You need to have a good UI for building the data pipelines and have as much of the process as possible automated through wizards and other UI based assistance. You need to be able to build multi-step stream processing, not just a single source into single target or a single source into single piece of processing into single target. Potentially with fan in and fan out. Multiple data sources coming in, going into multiple processing steps in a staged environment, where they go step by step by step, to potentially multiple targets coming out at the other end.
This all needs to be coordinated, well-maintained, and deployable across a cluster in order to be scalable. Your stream processing should be very rich, very capable, and also very high throughput.
Enterprise Grade
You also need to think about the enterprise-grade qualities of the platform. I’ve mentioned before, for it to be enterprise grade it needs to be scalable. You need to be able to handle increasing the throughput, increasing the number of sources, increasing the number of targets, and increasing the volume of data being generated from each one of those.
When you’re evaluating platforms and evaluating for a production scenario, you should test the platform with a reasonable throughput that corresponds to what you’re expecting in order to see how it behaves and how it scales, and measure the throughput and the latency from end to end as you’re evaluating the platform.
You also need it to be reliable. You need to be able to ensure that you have guaranteed delivery from source all the way to target. Even if something fails, if a network fails, if the source or the target goes down, if any of the processing nodes in the cluster go down or the whole cluster goes down, you need to be able to ensure that it picks up from where it left off and doesn’t miss any messages.
It has to be able to recover from failures as well.

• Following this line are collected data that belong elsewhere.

text \<open>Column \<open>i\<close> is integrated out first; what remains only involves the diagonal.\<close>
lemma nn_integral_iid_column:
  assumes i: "i < n" and mgf: "(\<integral>\<^sup>+v. ennreal (exp (s * v)) \<partial>N) = ennreal M" and M: "0 \<le> M"
  shows "(\<integral>\<^sup>+g. ennreal (if T < g (i, i) then 1 else 0) *
            (\<Prod>j\<in>{..<n} - {i}. ennreal (if T < g (j, j) then exp (s * g (j, i)) else 1))
          \<partial>PiM ({..<n} \<times> {..<n}) (\<lambda>_. N))
       = ennreal (measure N {T<..}) * ennreal (1 + measure N {T<..} * (M - 1)) ^ (n - 1)"
proof -
  define J where "J = {..<n} - {i}"
  define C where "C = (\<lambda>j. (j, i)) ` J"
  define R where "R = {..<n} \<times> {..<n} - C"
  define A where "A u = ennreal (if T < u then 1 else 0)" for u :: real
  define \<phi> where "\<phi> u v = ennreal (if T < u then exp (s * v) else 1)" for u v :: real
  define \<psi> where "\<psi> u = ennreal (if T < u then M else 1)" for u :: real
  define F where "F g = A (g (i, i)) * (\<Prod>j\<in>J. \<phi> (g (j, j)) (g (j, i)))" for g :: "nat \<times> nat \<Rightarrow> real"
  have inj: "inj_on (\<lambda>j::nat. (j, i)) X" for X by (auto simp: inj_on_def)
  have RC: "{..<n} \<times> {..<n} = R \<union> C" "R \<inter> C = {}" "finite R" "finite C"
    using i by (auto simp: R_def C_def J_def)
  have diag: "(j, j) \<in> R" if "j < n" for j
    using that by (auto simp: R_def C_def J_def)
  have [measurable]: "A \<in> borel_measurable borel" "\<psi> \<in> borel_measurable borel"
    "(\<lambda>v. \<phi> u v) \<in> borel_measurable borel" for u
    unfolding A_def \<psi>_def \<phi>_def by measurable
  have "F \<in> borel_measurable (PiM (R \<union> C) (\<lambda>_. N))"
    unfolding F_def A_def \<phi>_def by measurable
  have column: "(\<integral>\<^sup>+y. (\<Prod>j\<in>J. \<phi> (x (j, j)) (y (j, i))) \<partial>PiM C (\<lambda>_. N)) = (\<Prod>j\<in>J. \<psi> (x (j, j)))" for x
  proof -
    have "(\<integral>\<^sup>+y. (\<Prod>j\<in>J. \<phi> (x (j, j)) (y (j, i))) \<partial>PiM C (\<lambda>_. N))
        = (\<integral>\<^sup>+y. (\<Prod>c\<in>C. \<phi> (x (fst c, fst c)) (y c)) \<partial>PiM C (\<lambda>_. N))"
      by (simp add: C_def prod.reindex[OF inj])
    also have "\<dots> = (\<Prod>c\<in>C. \<integral>\<^sup>+v. \<phi> (x (fst c, fst c)) v \<partial>N)"
      using RC by (intro nn_integral_iid_prod) auto
    also have "\<dots> = (\<Prod>j\<in>J. \<psi> (x (j, j)))"
      using mgf N.emeasure_space_1
      by (auto simp: C_def prod.reindex[OF inj] \<phi>_def \<psi>_def intro!: prod.cong)
    finally show ?thesis .
  qed
  have split_i: "(\<Prod>j<n. f j) = f i * (\<Prod>j\<in>J. f j)" for f :: "nat \<Rightarrow> ennreal"
    using i by (simp add: J_def prod.remove[of "{..<n}" i])
  have "(\<integral>\<^sup>+g. F g \<partial>PiM (R \<union> C) (\<lambda>_. N))
      = (\<integral>\<^sup>+x. (\<integral>\<^sup>+y. F (merge R C (x, y)) \<partial>PiM C (\<lambda>_. N)) \<partial>PiM R (\<lambda>_. N))"
    using RC \<open>F \<in> _\<close> by (intro PiN.product_nn_integral_fold) auto
  also have "\<dots> = (\<integral>\<^sup>+x. A (x (i, i)) * (\<Prod>j\<in>J. \<psi> (x (j, j))) \<partial>PiM R (\<lambda>_. N))"
  proof (intro nn_integral_cong)
    fix x
    have "F (merge R C (x, y)) = A (x (i, i)) * (\<Prod>j\<in>J. \<phi> (x (j, j)) (y (j, i)))" for y
      using diag i unfolding F_def
      by (auto simp: merge_def R_def C_def J_def intro!: prod.cong arg_cong2[where f = "(*)"])
    then show "(\<integral>\<^sup>+y. F (merge R C (x, y)) \<partial>PiM C (\<lambda>_. N)) = A (x (i, i)) * (\<Prod>j\<in>J. \<psi> (x (j, j)))"
      by (simp add: nn_integral_cmult column)
  qed
  also have "\<dots> = (\<integral>\<^sup>+x. (\<Prod>j<n. (if j = i then A else \<psi>) (x (j, j))) \<partial>PiM R (\<lambda>_. N))"
    by (simp add: split_i J_def)
  also have "\<dots> = (\<Prod>j<n. \<integral>\<^sup>+v. (if j = i then A else \<psi>) v \<partial>N)"
    using RC diag by (intro nn_integral_iid_diagonal) auto
  also have "\<dots> = (\<integral>\<^sup>+v. A v \<partial>N) * (\<Prod>j\<in>J. \<integral>\<^sup>+v. \<psi> v \<partial>N)"
    by (simp add: split_i J_def)
  also have "(\<integral>\<^sup>+v. A v \<partial>N) = (\<integral>\<^sup>+v. indicator {T<..} v \<partial>N)"
    by (intro nn_integral_cong) (simp add: A_def indicator_def)
  also have "\<dots> = emeasure N {T<..}"
    using sets_N by simp
  also have "(\<Prod>j\<in>J. \<integral>\<^sup>+v. \<psi> v \<partial>N) = ennreal (1 + measure N {T<..} * (M - 1)) ^ (n - 1)"
    using i M by (simp add: \<psi>_def nn_integral_iid_threshold J_def)
  finally show ?thesis
    using RC by (simp add: F_def A_def \<phi>_def J_def N.emeasure_eq_measure)
qed

lemma measurable_iid_nonpos_count [measurable]: "nonpos_count n \<in> borel_measurable (PiM I (\<lambda>_. N))"
  unfolding nonpos_count_def[abs_def] by measurable

lemma measurable_iid_chernoff_weight [measurable]: "chernoff_weight n T k \<in> borel_measurable (PiM I (\<lambda>_. N))"
  unfolding chernoff_weight_def[abs_def] by measurable

lemma measurable_iid_markov_weight [measurable]: "markov_weight n T s R \<in> borel_measurable (PiM I (\<lambda>_. N))"
  unfolding markov_weight_def[abs_def] by measurable

lemma nn_integral_iid_nonpos_count:
  assumes "emeasure N {..0} = 0"
  shows "(\<integral>\<^sup>+g. nonpos_count n g \<partial>PiM ({..<n} \<times> {..<n}) (\<lambda>_. N)) = 0"
  unfolding nonpos_count_def by (subst nn_integral_sum) (auto simp: nn_integral_iid_nonpos[OF assms])

lemma nn_integral_iid_chernoff_weight:
  "(\<integral>\<^sup>+g. chernoff_weight n T k g \<partial>PiM ({..<n} \<times> {..<n}) (\<lambda>_. N))
    = ennreal (exp (real k) * (1 + measure N {T<..} * (exp (-1) - 1)) ^ n)"
proof -
  have "(\<integral>\<^sup>+g. (\<Prod>j<n. ennreal (if T < g (j, j) then exp (-1) else 1)) \<partial>PiM ({..<n} \<times> {..<n}) (\<lambda>_. N))
      = (\<Prod>j<n. \<integral>\<^sup>+v. ennreal (if T < v then exp (-1) else 1) \<partial>N)"
    by (intro nn_integral_iid_diagonal) auto
  moreover have "0 \<le> 1 + measure N {T<..} * (exp (-1) - 1)"
    by (intro one_add_mult_diff_one_nonneg) auto
  ultimately show ?thesis
    by (simp add: chernoff_weight_def nn_integral_cmult nn_integral_iid_threshold ennreal_power ennreal_mult')
qed

lemma nn_integral_iid_markov_weight:
  assumes mgf: "(\<integral>\<^sup>+v. ennreal (exp (s * v)) \<partial>N) = ennreal M" and M: "0 \<le> M"
  shows "(\<integral>\<^sup>+g. markov_weight n T s R g \<partial>PiM ({..<n} \<times> {..<n}) (\<lambda>_. N))
    = ennreal (real n * exp (- s * R) * measure N {T<..} * (1 + measure N {T<..} * (M - 1)) ^ (n - 1))"
proof -
  have "0 \<le> 1 + measure N {T<..} * (M - 1)"
    using M by (intro one_add_mult_diff_one_nonneg) auto
  then show ?thesis
    by (simp add: markov_weight_def nn_integral_sum nn_integral_cmult nn_integral_iid_column[OF _ mgf M]
        ennreal_power ennreal_mult' ennreal_of_nat_eq_real_of_nat mult.assoc)
qed

lemma prob_iid_strong_links_ge:
  fixes n k :: nat and E :: "(nat \<times> nat \<Rightarrow> real) set"
  assumes nonpos: "emeasure N {..0} = 0" and s: "0 \<le> s"
    and mgf: "(\<integral>\<^sup>+v. ennreal (exp (s * v)) \<partial>N) = ennreal M" and M: "0 \<le> M"
    and E: "E \<in> sets (PiM ({..<n} \<times> {..<n}) (\<lambda>_. N))"
    and good: "\<And>g. g \<in> space (PiM ({..<n} \<times> {..<n}) (\<lambda>_. N)) \<Longrightarrow> \<forall>a<n. \<forall>b<n. 0 < g (a, b) \<Longrightarrow>
      k \<le> card (strong_links n T g) \<Longrightarrow> \<forall>i\<in>strong_links n T g. strong_interference n T g i \<le> R \<Longrightarrow> g \<in> E"
  shows "1 - (exp (real k) * (1 + measure N {T<..} * (exp (-1) - 1)) ^ n
      + real n * exp (- s * R) * measure N {T<..} * (1 + measure N {T<..} * (M - 1)) ^ (n - 1))
    \<le> measure (PiM ({..<n} \<times> {..<n}) (\<lambda>_. N)) E" (is "1 - ?B \<le> _")
proof -
  have q_nonneg: "0 \<le> 1 + measure N {T<..} * (exp (-1) - 1)" "0 \<le> 1 + measure N {T<..} * (M - 1)"
    using M by (auto intro!: one_add_mult_diff_one_nonneg)
  define P where "P = PiM ({..<n} \<times> {..<n}) (\<lambda>_. N)"
  interpret P: prob_space P unfolding P_def by (intro prob_space_PiM N)
  define F where "F g = nonpos_count n g + chernoff_weight n T k g + markov_weight n T s R g" for g
  have "emeasure P (space P - E) = (\<integral>\<^sup>+g. indicator (space P - E) g \<partial>P)"
    using E by (simp add: P_def)
  also have "\<dots> \<le> (\<integral>\<^sup>+g. F g \<partial>P)"
  proof (intro nn_integral_mono)
    fix g
    show "indicator (space P - E) g \<le> F g"
    proof (cases "g \<in> space P - E")
      case True
      with good have "\<not> ((\<forall>a<n. \<forall>b<n. 0 < g (a, b)) \<and> k \<le> card (strong_links n T g)
          \<and> (\<forall>i\<in>strong_links n T g. strong_interference n T g i \<le> R))"
        unfolding P_def by blast
      then show ?thesis using True failure_weights_ge_one[OF s] by (simp add: F_def)
    qed simp
  qed
  also have "\<dots> = 0 + (\<integral>\<^sup>+g. chernoff_weight n T k g \<partial>P) + (\<integral>\<^sup>+g. markov_weight n T s R g \<partial>P)"
    unfolding F_def P_def by (simp add: nn_integral_add nn_integral_iid_nonpos_count[OF nonpos])
  also have "\<dots> = ennreal ?B"
    unfolding P_def nn_integral_iid_chernoff_weight nn_integral_iid_markov_weight[OF mgf M]
    using q_nonneg by (simp add: ennreal_plus)
  finally have "ennreal (measure P (space P - E)) \<le> ennreal ?B"
    by (simp only: P.emeasure_eq_measure)
  moreover have "0 \<le> ?B" using q_nonneg by simp
  ultimately have "measure P (space P - E) \<le> ?B" by (simp only: ennreal_le_iff)
  then show ?thesis using P.prob_compl[of E] E by (simp add: P_def)
qed

lemma sets_iid_throughput_event:
  "{g \<in> space (PiM I (\<lambda>_. N)). \<forall>S. top_direct_set n g k S \<longrightarrow> x \<le> real (throughput n g N0 \<beta> S)}
    \<in> sets (PiM I (\<lambda>_. N))"
proof -
  have [measurable]: "(\<lambda>g. real (throughput n g N0 \<beta> S)) \<in> borel_measurable (PiM I (\<lambda>_. N))" for S
  proof -
    have "real (throughput n g N0 \<beta> S) = (\<Sum>i<n. if \<beta> < SINR g N0 S i then 1 else 0)" for g
      unfolding throughput_def by (simp add: sum.If_cases Int_def conj_commute)
    then show ?thesis unfolding SINR_def by simp
  qed
  \<comment> \<open>The measurability prover handles \<open><\<close> but not \<open>\<le>\<close> between two components.\<close>
  have "(\<forall>S. top_direct_set n g k S \<longrightarrow> x \<le> real (throughput n g N0 \<beta> S)) \<longleftrightarrow>
      (\<forall>S\<in>Pow {..<n}. card S = k \<longrightarrow> (\<forall>i j. i \<in> S \<longrightarrow> j \<in> {..<n} - S \<longrightarrow> \<not> g (i, i) < g (j, j))
        \<longrightarrow> x \<le> real (throughput n g N0 \<beta> S))" for g
    by (auto simp: top_direct_set_def not_less)
  then show ?thesis by simp
qed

Guaranteed delivery in the normal “I’m always running” case so you don’t miss any messages, just because they disappeared into the ether somewhere. But also, that if you have a failure, you should recover and not lose any messages, not lose any events that come from the source into the target.
Of course, security is also paramount. You can secure the data while it’s moving in transit, so it’s encrypted as it goes across the network. But also that you can secure who has access to the data, who can work with individual data streams, who can see the data on individual data streams, who can build applications, who can view the results of building applications.
You need security that works across the whole end to end and deals with every single component, so that you can secure them and lock them down and make sure that only the people that need to work with data, can.
Insights & Alerts
Finally, you need to make sure that the platform gives you visibility into your data, that you can monitor the data flows and see what’s going on in real time, that you get alerts when anything happens. This could be when CPU or memory usage on any of the nodes goes above certain criteria. It could be when applications crash, or data flows crash. It could be when volume goes above or below what you expect, and doing that in a granular fashion. For example, when an individual database table goes above or below what you expect.
You need to be able to work with insights into the data flows that help you operationalize this and make sure that it’s working full time, 24/7, when you actually put it into production. You may even want to get insights on the data itself, drill down into the actual data that’s flowing, and do some analytics on that. If your streaming integration platform can also give you those valuable insights on the streaming data, then that’s the icing on the cake.
Just to summarize, when you’re evaluating streaming data integration platforms, you need to make sure that the platform can do everything that you need, to get your data from where it’s generated to where it needs to be, in order to get real value out of your data.